■ Problem to solve ■
Up to and including the line with "(* total variation without the factor 1/2 *)", restate the records below word for word, beginning with their first line.

■ Dataset records ■

definition word_prob :: "('s \<Rightarrow> 'a \<Rightarrow> real) \<Rightarrow> ('s \<Rightarrow> 'a \<Rightarrow> 's) \<Rightarrow> 's \<Rightarrow> 'a list \<Rightarrow> real" where
  "word_prob K d s0 x = (\<Prod>t\<in>{1..length x}. K (run d s0 (take (t - 1) x)) (x ! (t - 1)))"

(* state marginals P_t, indexed as in the paper: P_1 = point mass at s0,
   P_t(s') = sum_{s,sigma} P_{t-1}(s) K(sigma|s) 1(s' = d s sigma) for t >= 2.
   (Index 0 is unused; it is set equal to P_1.) *)
fun state_marg :: "('s::finite \<Rightarrow> 'a::finite \<Rightarrow> real) \<Rightarrow> ('s \<Rightarrow> 'a \<Rightarrow> 's) \<Rightarrow> 's \<Rightarrow> nat \<Rightarrow> 's \<Rightarrow> real" where
  "state_marg K d s0 0 = (\<lambda>s'. if s' = s0 then 1 else 0)"
| "state_marg K d s0 (Suc 0) = (\<lambda>s'. if s' = s0 then 1 else 0)"
| "state_marg K d s0 (Suc (Suc t)) =
     (\<lambda>s'. \<Sum>s\<in>UNIV. \<Sum>\<sigma>\<in>UNIV. state_marg K d s0 (Suc t) s * K s \<sigma> * (if s' = d s \<sigma> then 1 else 0))"

definition joint_marg :: "('s::finite \<Rightarrow> 'a::finite \<Rightarrow> real) \<Rightarrow> ('s \<Rightarrow> 'a \<Rightarrow> 's) \<Rightarrow> 's \<Rightarrow> nat \<Rightarrow> 's \<Rightarrow> 'a \<Rightarrow> real" where
  "joint_marg K d s0 t s \<sigma> = state_marg K d s0 t s * K s \<sigma>"

(* total variation without the factor 1/2 *)
definition TV_state :: "('s::finite \<Rightarrow> real) \<Rightarrow> ('s \<Rightarrow> real) \<Rightarrow> real" where
  "TV_state \<mu> \<nu> = (\<Sum>s\<in>UNIV. \<bar>\<mu> s - \<nu> s\<bar>)"

definition TV_joint :: "('s::finite \<Rightarrow> 'a::finite \<Rightarrow> real) \<Rightarrow> ('s \<Rightarrow> 'a \<Rightarrow> real) \<Rightarrow> real" where
  "TV_joint \<mu> \<nu> = (\<Sum>s\<in>UNIV. \<Sum>\<sigma>\<in>UNIV. \<bar>\<mu> s \<sigma> - \<nu> s \<sigma>\<bar>)"

definition word_loss :: "('s \<Rightarrow> 'a \<Rightarrow> real) \<Rightarrow> ('s \<Rightarrow> 'a \<Rightarrow> 's) \<Rightarrow> 's \<Rightarrow> nat
    \<Rightarrow> ('a list \<Rightarrow> bool) \<Rightarrow> ('a list \<Rightarrow> bool) \<Rightarrow> real" where
  "word_loss K d s0 T fh fs =
     (\<Sum>x\<in>{x. length x = T}. word_prob K d s0 x * (if fh x \<noteq> fs x then 1 else 0))"

definition trans_loss :: "('s::finite \<Rightarrow> 'a::finite \<Rightarrow> real) \<Rightarrow> ('s \<Rightarrow> 'a \<Rightarrow> 's) \<Rightarrow> 's \<Rightarrow> nat
    \<Rightarrow> ('s \<Rightarrow> 'a \<Rightarrow> 's) \<Rightarrow> real" where
  "trans_loss K d s0 t g =
     (\<Sum>s\<in>UNIV. \<Sum>\<sigma>\<in>UNIV. joint_marg K d s0 t s \<sigma> * (if g s \<sigma> \<noteq> d s \<sigma> then 1 else 0))"

definition final_loss :: "('s::finite \<Rightarrow> 'a::finite \<Rightarrow> real) \<Rightarrow> ('s \<Rightarrow> 'a \<Rightarrow> 's) \<Rightarrow> 's \<Rightarrow> nat
    \<Rightarrow> 's set \<Rightarrow> ('s \<Rightarrow> bool) \<Rightarrow> real" where
  "final_loss K d s0 t F h =
     (\<Sum>s\<in>UNIV. state_marg K d s0 t s * (if h s \<noteq> (s \<in> F) then 1 else 0))"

■ Response to this task ■
definition word_prob :: "('s \<Rightarrow> 'a \<Rightarrow> real) \<Rightarrow> ('s \<Rightarrow> 'a \<Rightarrow> 's) \<Rightarrow> 's \<Rightarrow> 'a list \<Rightarrow> real" where
  "word_prob K d s0 x = (\<Prod>t\<in>{1..length x}. K (run d s0 (take (t - 1) x)) (x ! (t - 1)))"

(* state marginals P_t, indexed as in the paper: P_1 = point mass at s0,
   P_t(s') = sum_{s,sigma} P_{t-1}(s) K(sigma|s) 1(s' = d s sigma) for t >= 2.
   (Index 0 is unused; it is set equal to P_1.) *)
fun state_marg :: "('s::finite \<Rightarrow> 'a::finite \<Rightarrow> real) \<Rightarrow> ('s \<Rightarrow> 'a \<Rightarrow> 's) \<Rightarrow> 's \<Rightarrow> nat \<Rightarrow> 's \<Rightarrow> real" where
  "state_marg K d s0 0 = (\<lambda>s'. if s' = s0 then 1 else 0)"
| "state_marg K d s0 (Suc 0) = (\<lambda>s'. if s' = s0 then 1 else 0)"
| "state_marg K d s0 (Suc (Suc t)) =
     (\<lambda>s'. \<Sum>s\<in>UNIV. \<Sum>\<sigma>\<in>UNIV. state_marg K d s0 (Suc t) s * K s \<sigma> * (if s' = d s \<sigma> then 1 else 0))"

definition joint_marg :: "('s::finite \<Rightarrow> 'a::finite \<Rightarrow> real) \<Rightarrow> ('s \<Rightarrow> 'a \<Rightarrow> 's) \<Rightarrow> 's \<Rightarrow> nat \<Rightarrow> 's \<Rightarrow> 'a \<Rightarrow> real" where
  "joint_marg K d s0 t s \<sigma> = state_marg K d s0 t s * K s \<sigma>"

(* total variation without the factor 1/2 *)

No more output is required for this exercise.